145 A further matter raised in relation to the default rate, was whether or not, having regard to the prevailing Supreme Court rates, 18% would constitute a penalty. The interest rate prescribed by the Supreme Court Rules (Schedule J) operative as at 9 January 2002 was 10% per annum. Although I am inclined to consider that the rate of 18% per annum was so high as to arguably constitute a penalty, given the conclusion earlier stated as to the absence of any effectiveness in law of the acknowledgment document as a variation to the Loan Deed, this is not an issue, which I need determine.
146 A proper reading of clause 2(b) in the context of the Deed gives rise to the implication that the interest rate payable on any outstanding monies under the Deed would attract the interest rate of 9.75%.

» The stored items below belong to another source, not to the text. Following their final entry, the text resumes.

lemma gammas_of_Schwarz_factor:
  assumes holf: "f holomorphic_on ball 0 1" and holh: "h holomorphic_on ball 0 1"
    and factor: "\<And>z. cmod z < 1 \<Longrightarrow> deriv f z * (1 - z * h z) = 1 + z * h z"
  shows "gamma1 f = h 0 / 2" "gamma2 f = deriv h 0 / 3 + (h 0)^2 / 12"
proof -
  define p where "p = deriv f"
  define p1 where "p1 = deriv p"
  define h1 where "h1 = deriv h"
  have holp: "p holomorphic_on ball 0 1"
    unfolding p_def by (rule holomorphic_deriv[OF holf open_ball])
  have holp1: "p1 holomorphic_on ball 0 1"
    unfolding p1_def by (rule holomorphic_deriv[OF holp open_ball])
  have holh1: "h1 holomorphic_on ball 0 1"
    unfolding h1_def by (rule holomorphic_deriv[OF holh open_ball])
  have dp: "(p has_field_derivative p1 z) (at z)"
    and dp1: "(p1 has_field_derivative deriv p1 z) (at z)"
    and dh: "(h has_field_derivative h1 z) (at z)"
    and dh1: "(h1 has_field_derivative deriv h1 z) (at z)" if "cmod z < 1" for z
    using that holomorphic_derivI[OF holp open_ball] holomorphic_derivI[OF holp1 open_ball]
      holomorphic_derivI[OF holh open_ball] holomorphic_derivI[OF holh1 open_ball]
    by (simp_all add: p1_def h1_def)
  have p0: "p 0 = 1"
    using factor[of 0] by (simp add: p_def)
  define G where "G z = p1 z * (1 - z * h z) - p z * (h z + z * h1 z) - (h z + z * h1 z)" for z
  have G_eq_0: "G z = 0" if "cmod z < 1" for z
  proof (rule has_field_derivative_vanishing_on_open[OF open_ball[of 0 1]])
    show "((\<lambda>z. p z * (1 - z * h z) - (1 + z * h z)) has_field_derivative G z) (at z)"
      unfolding G_def
      by (auto intro!: derivative_eq_intros dp[OF that] dh[OF that] simp: algebra_simps)
  qed (use that factor in \<open>auto simp: p_def\<close>)
  have p1_0: "p1 0 = 2 * h 0"
    using G_eq_0[of 0] by (simp add: G_def p0)
  have dG: "(G has_field_derivative deriv p1 0 - 2 * p1 0 * h 0 - 4 * h1 0) (at 0)"
    unfolding G_def[abs_def]
    by (auto intro!: derivative_eq_intros dp dh dp1 dh1 simp: algebra_simps p0)
  have "deriv p1 0 - 2 * p1 0 * h 0 - 4 * h1 0 = 0"
    by (rule has_field_derivative_vanishing_on_open[OF open_ball[of 0 1] _ _ dG]) (auto simp: G_eq_0)
  then have p2_0: "deriv p1 0 = 2 * p1 0 * h 0 + 4 * h1 0"
    by (simp add: algebra_simps)
  show "gamma1 f = h 0 / 2"
    by (simp add: gamma1_def taylor_coeff_2 p1_0 flip: p_def p1_def)
  show "gamma2 f = deriv h 0 / 3 + (h 0)^2 / 12"
    by (simp add: gamma2_def taylor_coeff_2 taylor_coeff_3 p1_0 p2_0 field_simps power2_eq_square
        flip: p_def p1_def h1_def)
qed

147 I have on this basis calculated the interest outstanding on the principal amount of $142,387 from the period 23 December 2001 to 2 August 2005. The calculation is as follows:-
- Principal N = $142,387
- From 23 December 2001 to 2 August 2006 = 1,318 days
- $142,387 x 9.75% = $13,882.73 = $38.03 per day
- 38.03 x 1,318 = $50,123.54
- Principal and interest = $192,510.54
148 I will permit the parties to make submissions on the calculations. Subject thereto, I propose to enter a judgment in favour of the plaintiff in the sum of $192,510.54.
149 I will defer making any order for costs including costs of any proceedings by way of cross-claim until I have heard submissions from the parties.
150 I accordingly am of the view that the plaintiff is entitled to an order against the first defendant as borrower and an order that the second, third and fourth defendants are jointly and severally liable as guarantors in respect of the order to be made against the first defendant.